Two lines in the listing below mark the span: one contains "define F where" and one contains "by (auto simp: strict_prefix_def)". Reproduce both of them and everything between, exactly.

————————

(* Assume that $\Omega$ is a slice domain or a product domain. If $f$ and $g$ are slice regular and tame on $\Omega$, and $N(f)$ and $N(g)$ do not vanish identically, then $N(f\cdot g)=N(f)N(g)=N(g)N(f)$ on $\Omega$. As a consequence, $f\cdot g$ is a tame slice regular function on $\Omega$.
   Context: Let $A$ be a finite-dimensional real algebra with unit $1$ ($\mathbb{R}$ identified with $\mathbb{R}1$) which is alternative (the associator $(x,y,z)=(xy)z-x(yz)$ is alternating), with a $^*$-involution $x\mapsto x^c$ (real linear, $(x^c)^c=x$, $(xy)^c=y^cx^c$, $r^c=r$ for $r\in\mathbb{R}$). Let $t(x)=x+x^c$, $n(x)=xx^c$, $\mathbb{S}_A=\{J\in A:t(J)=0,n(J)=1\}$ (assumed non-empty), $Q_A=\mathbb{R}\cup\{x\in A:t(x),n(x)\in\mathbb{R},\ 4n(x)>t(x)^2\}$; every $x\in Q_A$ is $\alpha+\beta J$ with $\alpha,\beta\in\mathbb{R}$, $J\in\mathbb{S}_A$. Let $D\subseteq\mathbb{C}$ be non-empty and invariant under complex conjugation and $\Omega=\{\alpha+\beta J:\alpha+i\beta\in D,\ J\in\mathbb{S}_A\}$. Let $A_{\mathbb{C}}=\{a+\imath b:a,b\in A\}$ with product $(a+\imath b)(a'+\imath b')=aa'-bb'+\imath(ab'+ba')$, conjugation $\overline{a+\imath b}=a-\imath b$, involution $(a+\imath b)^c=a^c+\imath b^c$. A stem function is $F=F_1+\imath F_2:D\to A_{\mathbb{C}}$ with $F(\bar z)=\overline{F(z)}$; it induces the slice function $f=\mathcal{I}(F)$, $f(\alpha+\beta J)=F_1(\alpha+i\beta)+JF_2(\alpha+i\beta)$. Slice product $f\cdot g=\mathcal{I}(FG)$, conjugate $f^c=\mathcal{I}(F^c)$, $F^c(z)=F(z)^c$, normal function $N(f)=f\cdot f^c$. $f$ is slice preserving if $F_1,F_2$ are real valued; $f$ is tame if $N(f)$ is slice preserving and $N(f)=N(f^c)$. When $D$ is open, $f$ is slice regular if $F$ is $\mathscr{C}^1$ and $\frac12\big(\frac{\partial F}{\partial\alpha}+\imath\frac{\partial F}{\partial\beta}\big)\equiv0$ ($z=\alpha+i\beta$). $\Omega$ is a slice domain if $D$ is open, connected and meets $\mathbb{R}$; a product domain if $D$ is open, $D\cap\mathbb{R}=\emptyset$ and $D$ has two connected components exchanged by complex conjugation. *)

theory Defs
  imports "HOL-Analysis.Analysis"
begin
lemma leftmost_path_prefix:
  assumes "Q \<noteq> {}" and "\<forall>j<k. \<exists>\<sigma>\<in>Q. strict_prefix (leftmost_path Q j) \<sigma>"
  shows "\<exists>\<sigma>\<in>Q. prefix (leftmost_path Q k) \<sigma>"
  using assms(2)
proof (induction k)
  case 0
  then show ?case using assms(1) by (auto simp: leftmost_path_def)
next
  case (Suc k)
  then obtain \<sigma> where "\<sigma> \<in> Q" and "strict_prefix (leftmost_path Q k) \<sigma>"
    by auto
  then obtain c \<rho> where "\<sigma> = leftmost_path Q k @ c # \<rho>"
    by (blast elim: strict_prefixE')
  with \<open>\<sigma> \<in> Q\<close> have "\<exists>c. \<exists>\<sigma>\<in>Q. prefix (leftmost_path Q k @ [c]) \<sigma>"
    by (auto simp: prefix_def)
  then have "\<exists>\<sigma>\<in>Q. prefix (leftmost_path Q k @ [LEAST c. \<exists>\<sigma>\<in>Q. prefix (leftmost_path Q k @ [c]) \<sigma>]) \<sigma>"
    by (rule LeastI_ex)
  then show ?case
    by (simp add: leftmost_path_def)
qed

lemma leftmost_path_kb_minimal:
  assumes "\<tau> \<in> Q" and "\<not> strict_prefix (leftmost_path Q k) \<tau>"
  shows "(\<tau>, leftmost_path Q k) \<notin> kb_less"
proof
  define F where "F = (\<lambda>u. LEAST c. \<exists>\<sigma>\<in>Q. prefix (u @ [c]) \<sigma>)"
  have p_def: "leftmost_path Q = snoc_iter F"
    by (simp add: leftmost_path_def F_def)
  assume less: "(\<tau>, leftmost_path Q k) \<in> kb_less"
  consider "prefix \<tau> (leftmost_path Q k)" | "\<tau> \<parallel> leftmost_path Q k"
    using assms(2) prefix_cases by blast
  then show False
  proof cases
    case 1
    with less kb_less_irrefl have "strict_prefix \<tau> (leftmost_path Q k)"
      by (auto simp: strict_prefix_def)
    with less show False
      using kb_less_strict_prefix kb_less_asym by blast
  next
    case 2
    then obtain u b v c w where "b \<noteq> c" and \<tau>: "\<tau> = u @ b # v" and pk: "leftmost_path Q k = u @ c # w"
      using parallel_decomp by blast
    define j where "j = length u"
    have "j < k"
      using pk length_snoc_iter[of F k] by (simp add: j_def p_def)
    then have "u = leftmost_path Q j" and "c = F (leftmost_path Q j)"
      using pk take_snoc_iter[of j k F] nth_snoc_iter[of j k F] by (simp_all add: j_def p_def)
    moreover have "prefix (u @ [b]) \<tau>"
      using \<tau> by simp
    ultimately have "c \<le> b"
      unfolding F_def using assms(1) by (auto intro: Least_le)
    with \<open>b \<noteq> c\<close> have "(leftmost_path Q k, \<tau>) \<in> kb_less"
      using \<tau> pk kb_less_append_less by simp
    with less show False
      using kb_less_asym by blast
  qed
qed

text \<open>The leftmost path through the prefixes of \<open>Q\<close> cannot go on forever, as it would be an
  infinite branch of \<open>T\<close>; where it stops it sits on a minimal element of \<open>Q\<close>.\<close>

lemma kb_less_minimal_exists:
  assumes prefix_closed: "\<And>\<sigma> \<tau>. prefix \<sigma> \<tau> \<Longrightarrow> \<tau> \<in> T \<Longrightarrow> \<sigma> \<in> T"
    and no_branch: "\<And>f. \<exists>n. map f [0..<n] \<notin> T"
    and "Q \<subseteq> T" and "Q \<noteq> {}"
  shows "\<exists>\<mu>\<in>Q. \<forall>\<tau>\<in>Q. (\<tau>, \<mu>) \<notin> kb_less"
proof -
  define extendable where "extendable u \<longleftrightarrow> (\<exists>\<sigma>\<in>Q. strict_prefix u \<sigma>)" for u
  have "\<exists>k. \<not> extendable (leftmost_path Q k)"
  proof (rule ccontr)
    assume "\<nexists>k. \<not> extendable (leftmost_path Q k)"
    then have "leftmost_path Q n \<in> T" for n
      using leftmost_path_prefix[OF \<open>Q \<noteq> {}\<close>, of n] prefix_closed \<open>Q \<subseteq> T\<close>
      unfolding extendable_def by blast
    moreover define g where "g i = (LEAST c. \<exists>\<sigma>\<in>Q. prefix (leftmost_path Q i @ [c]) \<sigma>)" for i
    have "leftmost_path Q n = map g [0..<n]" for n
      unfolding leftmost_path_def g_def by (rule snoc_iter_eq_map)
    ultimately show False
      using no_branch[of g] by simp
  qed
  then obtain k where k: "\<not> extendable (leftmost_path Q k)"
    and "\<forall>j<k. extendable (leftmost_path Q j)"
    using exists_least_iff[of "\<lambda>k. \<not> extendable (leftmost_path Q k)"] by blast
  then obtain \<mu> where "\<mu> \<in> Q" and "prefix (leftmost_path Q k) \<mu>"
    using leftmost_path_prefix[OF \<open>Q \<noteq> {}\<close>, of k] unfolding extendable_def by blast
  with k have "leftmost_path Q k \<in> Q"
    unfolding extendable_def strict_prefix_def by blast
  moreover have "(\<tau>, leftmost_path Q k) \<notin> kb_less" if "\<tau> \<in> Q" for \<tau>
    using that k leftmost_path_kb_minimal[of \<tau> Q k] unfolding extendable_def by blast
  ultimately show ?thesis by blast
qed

————————

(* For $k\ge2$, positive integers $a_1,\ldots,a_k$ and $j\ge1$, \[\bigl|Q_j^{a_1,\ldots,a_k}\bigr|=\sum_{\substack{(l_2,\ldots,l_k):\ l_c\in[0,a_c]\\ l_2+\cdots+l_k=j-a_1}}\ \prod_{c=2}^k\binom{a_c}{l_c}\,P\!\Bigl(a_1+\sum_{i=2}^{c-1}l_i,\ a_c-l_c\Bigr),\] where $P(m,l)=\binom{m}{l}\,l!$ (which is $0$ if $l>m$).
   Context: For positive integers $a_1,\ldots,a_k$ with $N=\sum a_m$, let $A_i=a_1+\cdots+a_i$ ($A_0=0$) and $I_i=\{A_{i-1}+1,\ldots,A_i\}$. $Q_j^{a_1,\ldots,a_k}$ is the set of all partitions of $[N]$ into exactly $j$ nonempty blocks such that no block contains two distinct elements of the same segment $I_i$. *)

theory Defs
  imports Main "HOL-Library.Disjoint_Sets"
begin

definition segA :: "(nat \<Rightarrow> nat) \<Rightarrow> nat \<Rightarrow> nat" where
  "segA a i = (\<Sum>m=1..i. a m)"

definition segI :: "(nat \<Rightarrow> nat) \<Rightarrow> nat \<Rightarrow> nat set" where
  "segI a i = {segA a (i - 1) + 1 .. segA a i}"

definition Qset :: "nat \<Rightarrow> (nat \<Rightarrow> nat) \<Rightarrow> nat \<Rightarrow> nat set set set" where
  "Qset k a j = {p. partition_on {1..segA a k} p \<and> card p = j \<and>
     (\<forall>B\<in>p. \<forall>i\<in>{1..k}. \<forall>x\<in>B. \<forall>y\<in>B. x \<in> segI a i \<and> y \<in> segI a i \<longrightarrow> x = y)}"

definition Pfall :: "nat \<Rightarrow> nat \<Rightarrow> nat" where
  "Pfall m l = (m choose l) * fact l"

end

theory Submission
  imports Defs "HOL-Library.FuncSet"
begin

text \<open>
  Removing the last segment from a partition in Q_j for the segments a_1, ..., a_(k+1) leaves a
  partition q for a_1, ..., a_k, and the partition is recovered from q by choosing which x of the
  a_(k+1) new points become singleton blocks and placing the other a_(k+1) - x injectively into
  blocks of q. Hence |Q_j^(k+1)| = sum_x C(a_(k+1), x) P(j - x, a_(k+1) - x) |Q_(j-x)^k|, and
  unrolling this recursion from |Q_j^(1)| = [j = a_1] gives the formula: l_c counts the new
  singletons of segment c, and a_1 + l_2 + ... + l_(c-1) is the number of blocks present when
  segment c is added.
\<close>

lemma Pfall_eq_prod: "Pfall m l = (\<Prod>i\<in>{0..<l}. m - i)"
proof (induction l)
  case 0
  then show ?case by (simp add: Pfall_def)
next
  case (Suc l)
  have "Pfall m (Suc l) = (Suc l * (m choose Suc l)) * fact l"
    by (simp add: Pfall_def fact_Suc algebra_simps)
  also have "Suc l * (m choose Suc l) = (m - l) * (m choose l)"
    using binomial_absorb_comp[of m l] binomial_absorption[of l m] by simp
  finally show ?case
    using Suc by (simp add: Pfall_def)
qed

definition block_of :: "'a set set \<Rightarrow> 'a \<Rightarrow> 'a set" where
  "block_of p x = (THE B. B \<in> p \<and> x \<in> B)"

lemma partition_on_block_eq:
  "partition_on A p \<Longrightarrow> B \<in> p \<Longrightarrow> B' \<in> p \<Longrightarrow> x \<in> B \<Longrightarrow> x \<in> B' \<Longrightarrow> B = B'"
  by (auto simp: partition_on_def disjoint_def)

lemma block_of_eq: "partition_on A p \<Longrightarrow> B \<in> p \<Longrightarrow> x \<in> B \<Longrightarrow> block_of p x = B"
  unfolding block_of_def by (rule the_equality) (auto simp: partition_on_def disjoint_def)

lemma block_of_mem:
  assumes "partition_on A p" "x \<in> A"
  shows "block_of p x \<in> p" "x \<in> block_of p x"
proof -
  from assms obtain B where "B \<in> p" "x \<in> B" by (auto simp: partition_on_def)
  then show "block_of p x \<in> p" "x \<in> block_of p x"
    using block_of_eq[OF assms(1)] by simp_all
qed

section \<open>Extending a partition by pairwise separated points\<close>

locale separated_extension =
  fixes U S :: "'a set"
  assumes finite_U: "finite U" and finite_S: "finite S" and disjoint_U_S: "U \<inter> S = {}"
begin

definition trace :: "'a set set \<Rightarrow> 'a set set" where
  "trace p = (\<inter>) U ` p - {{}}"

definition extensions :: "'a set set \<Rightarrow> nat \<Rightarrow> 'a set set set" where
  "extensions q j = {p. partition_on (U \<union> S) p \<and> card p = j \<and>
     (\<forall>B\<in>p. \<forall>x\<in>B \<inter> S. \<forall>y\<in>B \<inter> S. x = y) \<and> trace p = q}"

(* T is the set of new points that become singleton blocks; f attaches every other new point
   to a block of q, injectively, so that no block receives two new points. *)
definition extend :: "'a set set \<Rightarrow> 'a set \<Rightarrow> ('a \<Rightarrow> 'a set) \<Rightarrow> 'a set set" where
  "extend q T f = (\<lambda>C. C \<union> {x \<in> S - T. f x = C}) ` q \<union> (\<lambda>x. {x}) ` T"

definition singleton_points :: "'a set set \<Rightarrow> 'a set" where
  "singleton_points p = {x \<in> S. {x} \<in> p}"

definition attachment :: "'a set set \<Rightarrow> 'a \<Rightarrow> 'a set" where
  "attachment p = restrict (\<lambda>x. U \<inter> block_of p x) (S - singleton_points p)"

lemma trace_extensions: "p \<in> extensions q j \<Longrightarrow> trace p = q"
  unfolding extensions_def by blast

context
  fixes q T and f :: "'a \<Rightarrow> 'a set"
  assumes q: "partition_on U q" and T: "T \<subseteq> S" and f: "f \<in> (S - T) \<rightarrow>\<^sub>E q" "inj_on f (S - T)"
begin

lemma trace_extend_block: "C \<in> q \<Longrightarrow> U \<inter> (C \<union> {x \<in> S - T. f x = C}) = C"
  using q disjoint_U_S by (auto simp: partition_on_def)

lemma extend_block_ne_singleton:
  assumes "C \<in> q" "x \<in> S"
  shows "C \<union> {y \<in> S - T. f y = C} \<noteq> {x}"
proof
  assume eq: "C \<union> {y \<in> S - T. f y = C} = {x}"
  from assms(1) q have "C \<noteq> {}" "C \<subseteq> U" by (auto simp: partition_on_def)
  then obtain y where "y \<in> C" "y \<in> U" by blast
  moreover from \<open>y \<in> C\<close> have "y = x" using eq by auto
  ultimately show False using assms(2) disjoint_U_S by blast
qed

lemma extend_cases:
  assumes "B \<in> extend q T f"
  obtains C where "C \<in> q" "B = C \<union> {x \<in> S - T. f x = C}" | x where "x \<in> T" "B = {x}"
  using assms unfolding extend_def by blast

————————

**Response area:**
  define F where "F = (\<lambda>u. LEAST c. \<exists>\<sigma>\<in>Q. prefix (u @ [c]) \<sigma>)"
  have p_def: "leftmost_path Q = snoc_iter F"
    by (simp add: leftmost_path_def F_def)
  assume less: "(\<tau>, leftmost_path Q k) \<in> kb_less"
  consider "prefix \<tau> (leftmost_path Q k)" | "\<tau> \<parallel> leftmost_path Q k"
    using assms(2) prefix_cases by blast
  then show False
  proof cases
    case 1
    with less kb_less_irrefl have "strict_prefix \<tau> (leftmost_path Q k)"
      by (auto simp: strict_prefix_def)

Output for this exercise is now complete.